# L'espace ne se libère pas sur iCloud malgré la suppression de fichiers



## Wizepat (21 Février 2020)

Bonjour à tous,

Je viens vers vous pour un problème de stockage sur iCloud.

Je dispose d'un forfait de 200 Go pour y stocker mes fichiers via "documents" et mes photos via l'application native.

L'espace arrivant à saturation (< 240 Mo) et ne souhaitant pas passer sur un forfait supérieur, j'ai opté pour l'option "ménage". J'ai donc supprimé un dossier d'archive volumineux de 15 Go pour libérer de l'espace et repousser le problème à plus tard ;-)

Or malgré cette manipulation, iCloud considère qu'il ne reste que 210 Mo de libre. J'ai vérifié dans ma corbeille mais également sur le service web et la corbeille virtuelle et tout est vide. Je sais que parfois, il peut y avoir des délais pour l'affichage de ces informations. Cependant, cela fait 2 jours que j'ai effectué la manipulation et l'espace ne se libère toujours pas. 

Mon usage est avant tout professionnel et cette situation me pose problème. Si cela devait perdurer, je serai obligé de mettre la main au porte-feuille.

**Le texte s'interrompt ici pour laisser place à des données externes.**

(* Let $Z$ be an $n\times n$ positive semidefinite complex matrix with eigenvalues $r_1,\dots,r_n$, and let $U$ be an $n\times n$ unitary matrix such that $I-UZ$ is nonsingular. Then $$\prod_{k=1}^n\frac{|1-r_k|}{1+r_k}\le \frac{|\det(I-Z^2)|}{|\det(I-UZ)|^2},$$ with equality if and only if $1$ is an eigenvalue of $Z$, or the eigenvalues of $UZ$ (with multiplicities) are $-r_1,\dots,-r_n$. If both $Z$ and $I-Z$ are nonsingular and $U\neq -I$, this inequality is strict. Moreover, if $0\le r_k<1$ for all $k=1,\dots,n$, then $$\frac{\det(I-Z^2)}{|\det(I-UZ)|^2}\le \prod_{k=1}^n\frac{1+r_k}{1-r_k},$$ with equality if and only if the eigenvalues of $UZ$ (with multiplicities) are $r_1,\dots,r_n$. If in addition $Z$ is nonsingular and $U\neq I$, this inequality is strict.
   Context: $I$ denotes the $n\times n$ identity matrix. *)

theory Defs
  imports "Jordan_Normal_Form.Char_Poly" "Jordan_Normal_Form.Conjugate"
begin

definition mat_adj :: "complex mat \<Rightarrow> complex mat" where
  "mat_adj A = mat (dim_col A) (dim_row A) (\<lambda>(i,j). cnj (A $$ (j,i)))"

definition unitary_mat :: "nat \<Rightarrow> complex mat \<Rightarrow> bool" where
  "unitary_mat n U \<longleftrightarrow> U \<in> carrier_mat n n \<and> mat_adj U * U = 1\<^sub>m n"

definition psd_mat :: "nat \<Rightarrow> complex mat \<Rightarrow> bool" where
  "psd_mat n Z \<longleftrightarrow> Z \<in> carrier_mat n n \<and> mat_adj Z = Z \<and>
     (\<forall>v \<in> carrier_vec n. Im (conjugate v \<bullet> (Z *\<^sub>v v)) = 0 \<and> Re (conjugate v \<bullet> (Z *\<^sub>v v)) \<ge> 0)"

end

theory Submission
  imports Defs "Jordan_Normal_Form.Schur_Decomposition"
begin

text \<open>
  Conjugating by a unitary V with V^* Z V = D = diag(r) (so r_k \<ge> 0) and putting W = V^* U V
  turns det(I - UZ) into det(I - WD) and det(I - Z^2) into \<Prod>(1 - r_k^2), so both inequalities
  are bounds on |det(I - WD)| for a unitary W.

  Upper bound: the k-th column of I - WD has length at most 1 + r_k, so Hadamard's inequality gives
  |det(I - WD)| \<le> \<Prod>(1 + r_k); equality forces every column to be extremal, i.e. WD = -D.

  Lower bound (r_k < 1): the Cayley-type transform V_0 = (I - WD)^-1 (W - D) satisfies
  (I - WD)(I + V_0 D) = I - D^2 and preserves the form G = (I - D^2)^-1, i.e. V_0 G V_0^* = G.
  Hence G^(-1/2) V_0 G^(1/2) is unitary, and the upper bound for it yields
  |det(I - WD)| \<ge> \<Prod>(1 - r_k), with equality only if WD = D.
\<close>

section \<open>Diagonal matrices and characteristic polynomials\<close>

abbreviation real_diag :: "nat \<Rightarrow> (nat \<Rightarrow> real) \<Rightarrow> complex mat" where
  "real_diag n d \<equiv> mat_diag n (\<lambda>k. complex_of_real (d k))"

lemma index_mat_diag [simp]:
  "i < n \<Longrightarrow> j < n \<Longrightarrow> mat_diag n f $$ (i, j) = (if i = j then f i else 0)"
  "dim_row (mat_diag n f) = n" "dim_col (mat_diag n f) = n"
  by (auto simp: mat_diag_def)

lemma index_mult_mat_diag:
  "A \<in> carrier_mat m n \<Longrightarrow> i < m \<Longrightarrow> j < n \<Longrightarrow> (A * mat_diag n f) $$ (i, j) = A $$ (i, j) * f j"
  by (simp add: mat_diag_mult_right)

lemma index_mat_diag_mult:
  "A \<in> carrier_mat n m \<Longrightarrow> i < n \<Longrightarrow> j < m \<Longrightarrow> (mat_diag n f * A) $$ (i, j) = f i * A $$ (i, j)"
  by (simp add: mat_diag_mult_left)

lemma index_mat_diag_mult_mat_diag:
  assumes "X \<in> carrier_mat n n" and "i < n" and "j < n"
  shows "(mat_diag n a * X * mat_diag n b) $$ (i, j) = a i * X $$ (i, j) * b j"
proof -
  have "(mat_diag n a * X * mat_diag n b) $$ (i, j) = (mat_diag n a * X) $$ (i, j) * b j"
    by (rule index_mult_mat_diag) (use assms in auto)
  also have "(mat_diag n a * X) $$ (i, j) = a i * X $$ (i, j)" by (rule index_mat_diag_mult) fact+
  finally show ?thesis .
qed

lemma index_mult_mat_diag_mult:
  assumes "X \<in> carrier_mat m n" and "Y \<in> carrier_mat n p" and "i < m" and "j < p"
  shows "(X * mat_diag n g * Y) $$ (i, j) = (\<Sum>k<n. X $$ (i, k) * g k * Y $$ (k, j))"
  using assms by (simp add: index_mult_mat scalar_prod_def atLeast0LessThan mat_diag_mult_right)

lemma upper_triangular_mat_diag: "upper_triangular (mat_diag n f)"
  by (auto simp: upper_triangular_def)

lemma diag_mat_mat_diag: "diag_mat (mat_diag n f) = map f [0..<n]"
  by (rule nth_equalityI) (auto simp: diag_mat_def)

lemma det_mat_diag: "det (mat_diag n f) = (\<Prod>k<n. f k)"
  by (simp add: det_upper_triangular[OF upper_triangular_mat_diag mat_diag_dim]
      diag_mat_mat_diag prod.list_conv_set_nth atLeast0LessThan)

lemma char_poly_mat_diag: "char_poly (mat_diag n f) = (\<Prod>k<n. [:- f k, 1:])"
  by (simp add: char_poly_upper_triangular[OF mat_diag_dim upper_triangular_mat_diag]
      diag_mat_mat_diag prod.list_conv_set_nth atLeast0LessThan)

lemma uminus_mat_diag: "- mat_diag n f = mat_diag n (\<lambda>k. - f k :: 'a :: group_add)"
  by (rule eq_matI) auto

lemma one_minus_real_diag_square: "1\<^sub>m n - real_diag n d * real_diag n d = real_diag n (\<lambda>k. 1 - (d k)\<^sup>2)"
  by (rule eq_matI) (auto simp: power2_eq_square)

lemma index_one_minus_mult_real_diag:
  assumes "W \<in> carrier_mat n n" and "i < n" and "k < n"
  shows "(1\<^sub>m n - W * real_diag n d) $$ (i, k) = (if i = k then 1 else 0) - W $$ (i, k) * complex_of_real (d k)"
  using assms by (simp add: index_mult_mat_diag[of W n n] del: index_mult_mat(1))

lemma det_one_minus_char_poly:
  assumes A: "(A :: complex mat) \<in> carrier_mat n n"
  shows "det (1\<^sub>m n - A) = poly (char_poly A) 1"
proof -
  have "- char_matrix A 1 = 1\<^sub>m n - A" unfolding char_matrix_def using A by (intro eq_matI, auto)
  thus ?thesis using char_poly_matrix[OF A, of 1] by simp
qed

C'est pourquoi, je m'en retourne vers vous pour une solution miracle.

Merci par avance.


----------



## MrTom (22 Février 2020)

Tu peux aussi regarder sur www.icloud.com dans *Réglages du compte* > *Restaurer des fichiers *(en bas à gauche de la page). 
Il y a peut-être des fichiers qui trainent là.


----------



## Wizepat (23 Février 2020)

Merci pour ton conseil.

Effectivement, j’avais plusieurs dizaines de fichiers en instance. Malheureusement, je n’ai pu libérer que 1,5 Go. Ça me laisse un peu de mou pour trouver LA solution [emoji6]


----------